Could you copy each line of the listing that holds "forall"?
□ □ □ □ □
(* Consider the execution of Greedy Dual on any MPMD or MBPMD instance. For any request $u$ and any time $\tau\ge\mathrm{atime}(u)$, $$\sum_{S:\,u\in S} y_S(\tau)\le \tau-\mathrm{atime}(u),$$ and equality holds if $u$ is still free (unmatched) at time $\tau$.
   Context: Problem (MPMD / MBPMD). Let $(\mathcal{X},\mathrm{dist})$ be a metric space. An instance consists of $2m$ requests $u_1,\dots,u_{2m}$. Each request $u$ is a triple $(\mathrm{pos}(u),\mathrm{atime}(u),\mathrm{sgn}(u))$, where $\mathrm{pos}(u)\in\mathcal{X}$ is its location and $\mathrm{atime}(u)\ge0$ is its arrival time, with arrival times nondecreasing. In MPMD, $\mathrm{sgn}(u)=0$ for all requests. In MBPMD, exactly $m$ requests have sign $+1$ and $m$ have sign $-1$. At time $\tau$, an algorithm may match two arrived, unmatched requests $u,v$ with $\mathrm{sgn}(u)=-\mathrm{sgn}(v)$, at cost $\mathrm{dist}(\mathrm{pos}(u),\mathrm{pos}(v))$ (connection cost) plus $(\tau-\mathrm{atime}(u))+(\tau-\mathrm{atime}(v))$ (waiting costs). All requests must eventually be matched. Notation. Edges are unordered pairs $\{u,v\}$ of distinct requests with $\mathrm{sgn}(u)=-\mathrm{sgn}(v)$. For a set $S$ of requests, $\delta(S)$ is the set of edges with exactly one endpoint in $S$. In MPMD, $\mathrm{sur}(S)=|S|\bmod 2$; in MBPMD, $\mathrm{sur}(S)=|\sum_{u\in S}\mathrm{sgn}(u)|$. For an edge $e=(u,v)$, $\mathrm{cost}(e)=\mathrm{dist}(\mathrm{pos}(u),\mathrm{pos}(v))+|\mathrm{atime}(u)-\mathrm{atime}(v)|$. Algorithm Greedy Dual (GD). GD maintains a dual variable $y_S\ge0$ for every set $S$ of already-arrived requests; $y_S(\tau)$ denotes its value at time $\tau$. It also maintains a partition of the arrived requests into active sets, with $\mathcal{A}(u)$ denoting the active set containing $u$. An active set is growing if it contains at least one free request, and non-growing otherwise. - When a request $u$ arrives, $\mathcal{A}(u)\leftarrow\{u\}$ becomes a new active set, and $y_S\leftarrow 0$ for every new set $S$ containing $u$. - Tight-constraint event: while there is an edge $e=(u,v)$ between arrived requests with $\mathcal{A}(u)\neq\mathcal{A}(v)$ and $\sum_{S:\,e\in\delta(S)}y_S=\mathrm{cost}(e)$, GD does the following. It merges the two sets: $S=\mathcal{A}(u)\cup\mathcal{A}(v)$ becomes active and $\mathcal{A}(w)\leftarrow S$ for all $w\in S$, while $\mathcal{A}(u)$ and $\mathcal{A}(v)$ become inactive. It marks the edge $e$. Then, while there are free $u',v'\in S$ with $\mathrm{sgn}(u')=-\mathrm{sgn}(v')$, it matches $u'$ with $v'$ at the current time. - At all other times, $y_S$ increases continuously at rate $1$ (the same rate as time) for every active growing set $S$; all other dual variables stay constant. *)

theory Defs
  imports Complex_Main
begin

definition is_MPMD :: "nat \<Rightarrow> (nat \<Rightarrow> int) \<Rightarrow> bool" where
  "is_MPMD m sg \<longleftrightarrow> (\<forall>i<2*m. sg i = 0)"

definition is_MBPMD :: "nat \<Rightarrow> (nat \<Rightarrow> int) \<Rightarrow> bool" where
  "is_MBPMD m sg \<longleftrightarrow> (\<forall>i<2*m. sg i = 1 \<or> sg i = -1)
      \<and> card {i. i < 2*m \<and> sg i = 1} = m \<and> card {i. i < 2*m \<and> sg i = -1} = m"

definition valid_instance ::
  "nat \<Rightarrow> (nat \<Rightarrow> 'a::metric_space) \<Rightarrow> (nat \<Rightarrow> real) \<Rightarrow> (nat \<Rightarrow> int) \<Rightarrow> bool" where
  "valid_instance m pos atm sg \<longleftrightarrow>
     (\<forall>i<2*m. 0 \<le> atm i) \<and> (\<forall>i j. i \<le> j \<and> j < 2*m \<longrightarrow> atm i \<le> atm j)
     \<and> (is_MPMD m sg \<or> is_MBPMD m sg)"

definition is_edge :: "(nat \<Rightarrow> int) \<Rightarrow> nat \<Rightarrow> nat \<Rightarrow> bool" where
  "is_edge sg u v \<longleftrightarrow> u \<noteq> v \<and> sg u = - sg v"

definition edge_cost ::
  "(nat \<Rightarrow> 'a::metric_space) \<Rightarrow> (nat \<Rightarrow> real) \<Rightarrow> nat \<Rightarrow> nat \<Rightarrow> real" where
  "edge_cost pos atm u v = dist (pos u) (pos v) + \<bar>atm u - atm v\<bar>"

text \<open>Configuration of Greedy Dual: current time, arrived requests, active sets,
  dual variables (for every set of requests), matched pairs, marked edges.\<close>
record gd_cfg =
  time :: real
  arr :: "nat set"
  act :: "nat set set"
  yv :: "nat set \<Rightarrow> real"
  mt :: "(nat \<times> nat) set"
  mk :: "(nat \<times> nat) set"

definition matched :: "gd_cfg \<Rightarrow> nat set" where
  "matched c = fst ` mt c \<union> snd ` mt c"

definition free :: "gd_cfg \<Rightarrow> nat set" where
  "free c = arr c - matched c"

text \<open>Sum of y_S over the sets S of arrived requests with e = {u,v} in delta(S).\<close>
definition dual_load :: "gd_cfg \<Rightarrow> nat \<Rightarrow> nat \<Rightarrow> real" where
  "dual_load c u v = (\<Sum>S\<in>{S. S \<subseteq> arr c \<and> ((u \<in> S) \<noteq> (v \<in> S))}. yv c S)"

definition tight ::
  "(nat \<Rightarrow> 'a::metric_space) \<Rightarrow> (nat \<Rightarrow> real) \<Rightarrow> (nat \<Rightarrow> int) \<Rightarrow> gd_cfg \<Rightarrow> nat \<Rightarrow> nat \<Rightarrow> bool" where
  "tight pos atm sg c u v \<longleftrightarrow> u \<in> arr c \<and> v \<in> arr c \<and> is_edge sg u v
     \<and> (\<exists>S1\<in>act c. \<exists>S2\<in>act c. u \<in> S1 \<and> v \<in> S2 \<and> S1 \<noteq> S2)
     \<and> dual_load c u v = edge_cost pos atm u v"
□ □ □ □ □
### Written solution
  "is_MPMD m sg \<longleftrightarrow> (\<forall>i<2*m. sg i = 0)"
  "is_MBPMD m sg \<longleftrightarrow> (\<forall>i<2*m. sg i = 1 \<or> sg i = -1)
     (\<forall>i<2*m. 0 \<le> atm i) \<and> (\<forall>i j. i \<le> j \<and> j < 2*m \<longrightarrow> atm i \<le> atm j)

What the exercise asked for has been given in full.